» Assignment: The answer must consist of each line below that contains the string "detg".
==== Available records
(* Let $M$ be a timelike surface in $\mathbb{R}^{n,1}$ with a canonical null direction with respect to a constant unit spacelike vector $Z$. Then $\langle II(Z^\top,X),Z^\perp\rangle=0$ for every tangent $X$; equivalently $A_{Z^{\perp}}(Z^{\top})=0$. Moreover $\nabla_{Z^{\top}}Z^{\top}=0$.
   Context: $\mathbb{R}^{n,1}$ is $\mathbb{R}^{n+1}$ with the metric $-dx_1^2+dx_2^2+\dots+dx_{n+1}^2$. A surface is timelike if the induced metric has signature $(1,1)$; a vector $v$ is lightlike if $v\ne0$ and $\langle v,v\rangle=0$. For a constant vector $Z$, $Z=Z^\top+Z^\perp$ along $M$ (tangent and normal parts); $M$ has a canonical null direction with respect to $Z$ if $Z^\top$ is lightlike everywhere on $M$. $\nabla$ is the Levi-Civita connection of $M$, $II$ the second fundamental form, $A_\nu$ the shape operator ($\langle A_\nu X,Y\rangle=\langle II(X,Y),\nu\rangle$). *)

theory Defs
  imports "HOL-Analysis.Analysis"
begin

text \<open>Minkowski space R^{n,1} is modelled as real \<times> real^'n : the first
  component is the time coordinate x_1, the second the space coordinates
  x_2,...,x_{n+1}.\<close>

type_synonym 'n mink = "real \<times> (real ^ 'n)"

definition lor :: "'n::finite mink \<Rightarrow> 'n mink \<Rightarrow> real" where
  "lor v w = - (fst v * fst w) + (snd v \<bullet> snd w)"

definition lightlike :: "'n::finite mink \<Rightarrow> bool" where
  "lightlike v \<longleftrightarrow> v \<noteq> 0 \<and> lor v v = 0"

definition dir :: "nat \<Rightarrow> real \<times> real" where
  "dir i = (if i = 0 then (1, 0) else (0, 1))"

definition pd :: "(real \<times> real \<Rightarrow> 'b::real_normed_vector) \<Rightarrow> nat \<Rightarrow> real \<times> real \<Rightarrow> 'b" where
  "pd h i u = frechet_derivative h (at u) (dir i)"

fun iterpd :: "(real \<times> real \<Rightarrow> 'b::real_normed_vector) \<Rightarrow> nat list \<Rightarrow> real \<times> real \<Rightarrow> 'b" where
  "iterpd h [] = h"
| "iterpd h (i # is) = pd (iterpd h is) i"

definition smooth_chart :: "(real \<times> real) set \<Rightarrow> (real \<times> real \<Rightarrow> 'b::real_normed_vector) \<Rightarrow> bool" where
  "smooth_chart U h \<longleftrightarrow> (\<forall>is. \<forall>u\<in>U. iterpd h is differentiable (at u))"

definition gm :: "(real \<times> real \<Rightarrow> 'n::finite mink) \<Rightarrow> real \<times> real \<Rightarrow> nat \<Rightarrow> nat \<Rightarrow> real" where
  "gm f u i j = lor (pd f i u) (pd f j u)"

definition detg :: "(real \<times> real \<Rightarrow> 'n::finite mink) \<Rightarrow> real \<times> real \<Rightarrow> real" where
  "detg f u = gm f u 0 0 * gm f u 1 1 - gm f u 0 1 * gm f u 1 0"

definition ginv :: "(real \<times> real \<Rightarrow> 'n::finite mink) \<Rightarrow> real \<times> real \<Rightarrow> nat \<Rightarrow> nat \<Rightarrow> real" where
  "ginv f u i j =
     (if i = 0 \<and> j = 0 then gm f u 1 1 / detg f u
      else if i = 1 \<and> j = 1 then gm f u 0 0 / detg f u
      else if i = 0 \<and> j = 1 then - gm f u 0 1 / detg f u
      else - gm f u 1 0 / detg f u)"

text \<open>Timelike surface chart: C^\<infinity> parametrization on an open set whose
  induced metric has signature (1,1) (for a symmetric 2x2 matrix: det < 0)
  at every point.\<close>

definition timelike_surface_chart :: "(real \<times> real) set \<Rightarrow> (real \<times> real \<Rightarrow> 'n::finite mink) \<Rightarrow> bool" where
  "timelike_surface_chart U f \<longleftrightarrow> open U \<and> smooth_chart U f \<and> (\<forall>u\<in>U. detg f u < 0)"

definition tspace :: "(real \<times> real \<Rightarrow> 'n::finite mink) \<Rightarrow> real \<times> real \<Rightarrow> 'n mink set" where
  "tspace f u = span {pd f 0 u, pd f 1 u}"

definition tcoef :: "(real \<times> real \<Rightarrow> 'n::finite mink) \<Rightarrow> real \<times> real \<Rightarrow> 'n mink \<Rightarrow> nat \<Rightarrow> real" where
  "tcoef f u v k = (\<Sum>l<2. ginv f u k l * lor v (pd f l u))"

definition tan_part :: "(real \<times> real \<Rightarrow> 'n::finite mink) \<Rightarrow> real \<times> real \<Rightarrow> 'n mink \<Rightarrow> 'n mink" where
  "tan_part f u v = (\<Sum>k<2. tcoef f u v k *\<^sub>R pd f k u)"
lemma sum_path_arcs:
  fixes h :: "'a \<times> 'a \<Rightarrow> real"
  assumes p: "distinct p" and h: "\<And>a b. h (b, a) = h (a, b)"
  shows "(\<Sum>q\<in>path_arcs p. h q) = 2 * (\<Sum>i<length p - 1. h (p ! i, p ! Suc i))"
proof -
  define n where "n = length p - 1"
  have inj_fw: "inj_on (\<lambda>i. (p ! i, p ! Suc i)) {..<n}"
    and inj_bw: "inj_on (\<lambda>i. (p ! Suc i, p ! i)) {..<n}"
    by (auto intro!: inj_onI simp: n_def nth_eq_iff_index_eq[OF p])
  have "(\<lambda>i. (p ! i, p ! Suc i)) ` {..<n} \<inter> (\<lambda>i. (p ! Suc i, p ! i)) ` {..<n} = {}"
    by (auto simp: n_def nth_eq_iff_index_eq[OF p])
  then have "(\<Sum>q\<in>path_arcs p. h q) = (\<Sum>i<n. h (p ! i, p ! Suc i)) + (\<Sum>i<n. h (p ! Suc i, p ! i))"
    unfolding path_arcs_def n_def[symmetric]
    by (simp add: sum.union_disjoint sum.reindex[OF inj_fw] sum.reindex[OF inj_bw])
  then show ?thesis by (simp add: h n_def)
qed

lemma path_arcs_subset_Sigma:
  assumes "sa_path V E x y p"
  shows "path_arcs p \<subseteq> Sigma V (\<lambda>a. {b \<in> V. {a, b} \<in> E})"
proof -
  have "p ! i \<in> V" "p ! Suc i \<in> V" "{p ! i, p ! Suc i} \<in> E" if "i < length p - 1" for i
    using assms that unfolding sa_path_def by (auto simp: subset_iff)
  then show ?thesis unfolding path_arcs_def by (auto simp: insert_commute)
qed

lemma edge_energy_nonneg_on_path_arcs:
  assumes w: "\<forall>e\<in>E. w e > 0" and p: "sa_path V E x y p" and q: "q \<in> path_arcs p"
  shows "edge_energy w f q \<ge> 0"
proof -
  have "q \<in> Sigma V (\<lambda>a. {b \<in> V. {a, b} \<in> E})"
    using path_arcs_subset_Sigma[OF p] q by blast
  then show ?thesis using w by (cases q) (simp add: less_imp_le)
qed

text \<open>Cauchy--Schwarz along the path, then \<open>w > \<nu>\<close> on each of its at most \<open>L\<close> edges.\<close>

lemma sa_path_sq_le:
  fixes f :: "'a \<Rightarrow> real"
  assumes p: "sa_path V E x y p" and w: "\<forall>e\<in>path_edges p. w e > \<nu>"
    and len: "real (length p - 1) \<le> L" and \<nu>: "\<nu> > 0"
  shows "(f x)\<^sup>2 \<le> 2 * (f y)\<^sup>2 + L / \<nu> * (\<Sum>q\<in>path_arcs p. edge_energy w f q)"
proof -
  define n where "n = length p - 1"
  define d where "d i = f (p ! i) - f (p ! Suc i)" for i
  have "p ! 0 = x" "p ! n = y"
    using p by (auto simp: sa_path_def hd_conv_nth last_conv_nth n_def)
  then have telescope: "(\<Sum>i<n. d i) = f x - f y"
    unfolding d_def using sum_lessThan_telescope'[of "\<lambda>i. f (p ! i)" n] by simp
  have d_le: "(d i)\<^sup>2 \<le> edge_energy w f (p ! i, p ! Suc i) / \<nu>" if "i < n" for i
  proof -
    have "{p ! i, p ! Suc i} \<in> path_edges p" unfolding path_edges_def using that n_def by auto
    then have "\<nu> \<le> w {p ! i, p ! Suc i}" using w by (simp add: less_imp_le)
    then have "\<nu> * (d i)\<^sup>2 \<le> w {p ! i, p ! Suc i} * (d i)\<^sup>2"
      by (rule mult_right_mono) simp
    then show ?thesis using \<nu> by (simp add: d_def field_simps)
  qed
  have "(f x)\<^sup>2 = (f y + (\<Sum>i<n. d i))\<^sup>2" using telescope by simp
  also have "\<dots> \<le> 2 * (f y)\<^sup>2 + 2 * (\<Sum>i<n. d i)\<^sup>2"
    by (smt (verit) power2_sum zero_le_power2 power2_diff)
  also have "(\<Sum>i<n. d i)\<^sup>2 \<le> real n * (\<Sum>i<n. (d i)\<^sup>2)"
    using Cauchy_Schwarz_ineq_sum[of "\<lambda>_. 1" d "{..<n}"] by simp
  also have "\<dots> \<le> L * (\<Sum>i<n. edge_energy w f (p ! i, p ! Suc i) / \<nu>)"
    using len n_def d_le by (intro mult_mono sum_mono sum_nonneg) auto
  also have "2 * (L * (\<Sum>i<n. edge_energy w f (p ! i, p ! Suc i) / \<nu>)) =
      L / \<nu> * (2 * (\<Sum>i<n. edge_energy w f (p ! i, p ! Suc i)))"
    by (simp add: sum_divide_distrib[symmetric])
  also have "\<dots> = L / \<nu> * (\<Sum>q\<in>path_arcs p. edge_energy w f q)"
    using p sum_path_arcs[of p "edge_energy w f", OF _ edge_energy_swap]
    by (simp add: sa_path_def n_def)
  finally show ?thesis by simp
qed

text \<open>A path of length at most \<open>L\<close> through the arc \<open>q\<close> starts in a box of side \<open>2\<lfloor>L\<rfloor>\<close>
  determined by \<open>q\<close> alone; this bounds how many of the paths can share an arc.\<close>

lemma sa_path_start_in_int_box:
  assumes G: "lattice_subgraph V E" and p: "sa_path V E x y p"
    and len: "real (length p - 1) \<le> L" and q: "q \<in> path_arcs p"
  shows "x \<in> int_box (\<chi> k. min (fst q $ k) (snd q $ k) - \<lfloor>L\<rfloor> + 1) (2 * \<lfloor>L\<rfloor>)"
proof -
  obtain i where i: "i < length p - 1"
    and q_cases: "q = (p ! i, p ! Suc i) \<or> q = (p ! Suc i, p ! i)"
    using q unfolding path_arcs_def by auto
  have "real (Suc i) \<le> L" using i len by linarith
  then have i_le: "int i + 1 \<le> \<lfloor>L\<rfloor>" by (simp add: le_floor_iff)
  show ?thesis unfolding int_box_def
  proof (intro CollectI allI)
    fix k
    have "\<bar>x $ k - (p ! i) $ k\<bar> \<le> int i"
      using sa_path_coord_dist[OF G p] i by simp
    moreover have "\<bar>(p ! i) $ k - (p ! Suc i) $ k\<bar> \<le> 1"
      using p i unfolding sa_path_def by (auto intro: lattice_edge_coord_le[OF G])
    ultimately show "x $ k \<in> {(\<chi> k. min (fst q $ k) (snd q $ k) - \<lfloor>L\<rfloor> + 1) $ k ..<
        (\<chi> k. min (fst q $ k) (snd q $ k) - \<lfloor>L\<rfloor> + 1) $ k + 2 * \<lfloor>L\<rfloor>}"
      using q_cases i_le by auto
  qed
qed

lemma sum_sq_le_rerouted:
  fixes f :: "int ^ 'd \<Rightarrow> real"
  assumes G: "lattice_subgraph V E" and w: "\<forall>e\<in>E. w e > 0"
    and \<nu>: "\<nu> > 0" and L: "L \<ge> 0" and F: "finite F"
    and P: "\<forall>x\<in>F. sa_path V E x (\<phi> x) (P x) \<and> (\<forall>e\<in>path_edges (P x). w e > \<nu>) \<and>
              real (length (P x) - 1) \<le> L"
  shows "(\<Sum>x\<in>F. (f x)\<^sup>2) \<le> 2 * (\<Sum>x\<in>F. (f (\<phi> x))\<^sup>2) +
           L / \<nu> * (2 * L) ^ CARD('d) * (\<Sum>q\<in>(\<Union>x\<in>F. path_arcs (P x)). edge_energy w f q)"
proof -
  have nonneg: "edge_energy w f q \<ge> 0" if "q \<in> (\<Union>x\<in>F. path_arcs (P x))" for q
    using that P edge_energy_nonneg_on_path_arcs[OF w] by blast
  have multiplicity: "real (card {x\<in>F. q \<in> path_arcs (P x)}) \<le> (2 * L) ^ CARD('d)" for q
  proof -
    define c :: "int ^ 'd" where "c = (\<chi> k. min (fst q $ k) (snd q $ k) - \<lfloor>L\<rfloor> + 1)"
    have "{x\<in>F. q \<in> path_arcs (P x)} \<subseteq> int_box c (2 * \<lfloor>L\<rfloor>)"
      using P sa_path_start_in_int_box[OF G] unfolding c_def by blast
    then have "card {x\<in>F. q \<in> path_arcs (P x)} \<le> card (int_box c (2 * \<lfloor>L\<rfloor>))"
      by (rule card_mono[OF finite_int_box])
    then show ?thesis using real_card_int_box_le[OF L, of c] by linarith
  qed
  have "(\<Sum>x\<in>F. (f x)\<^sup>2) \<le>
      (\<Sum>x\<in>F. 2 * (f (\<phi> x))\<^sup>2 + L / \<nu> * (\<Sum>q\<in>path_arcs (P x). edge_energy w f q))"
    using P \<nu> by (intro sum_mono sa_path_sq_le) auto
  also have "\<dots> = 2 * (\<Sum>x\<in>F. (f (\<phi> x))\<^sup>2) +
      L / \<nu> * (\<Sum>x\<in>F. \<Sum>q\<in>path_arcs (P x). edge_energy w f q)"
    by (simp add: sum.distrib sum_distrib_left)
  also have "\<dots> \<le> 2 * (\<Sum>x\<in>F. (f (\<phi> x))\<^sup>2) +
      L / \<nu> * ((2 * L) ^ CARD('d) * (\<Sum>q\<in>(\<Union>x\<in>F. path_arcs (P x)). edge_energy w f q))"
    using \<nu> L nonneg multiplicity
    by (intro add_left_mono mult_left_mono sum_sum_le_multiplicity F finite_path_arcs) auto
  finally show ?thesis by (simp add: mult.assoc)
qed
========
» Exercise response:
definition detg :: "(real \<times> real \<Rightarrow> 'n::finite mink) \<Rightarrow> real \<times> real \<Rightarrow> real" where
  "detg f u = gm f u 0 0 * gm f u 1 1 - gm f u 0 1 * gm f u 1 0"
     (if i = 0 \<and> j = 0 then gm f u 1 1 / detg f u
      else if i = 1 \<and> j = 1 then gm f u 0 0 / detg f u
      else if i = 0 \<and> j = 1 then - gm f u 0 1 / detg f u
      else - gm f u 1 0 / detg f u)"
  "timelike_surface_chart U f \<longleftrightarrow> open U \<and> smooth_chart U f \<and> (\<forall>u\<in>U. detg f u < 0)"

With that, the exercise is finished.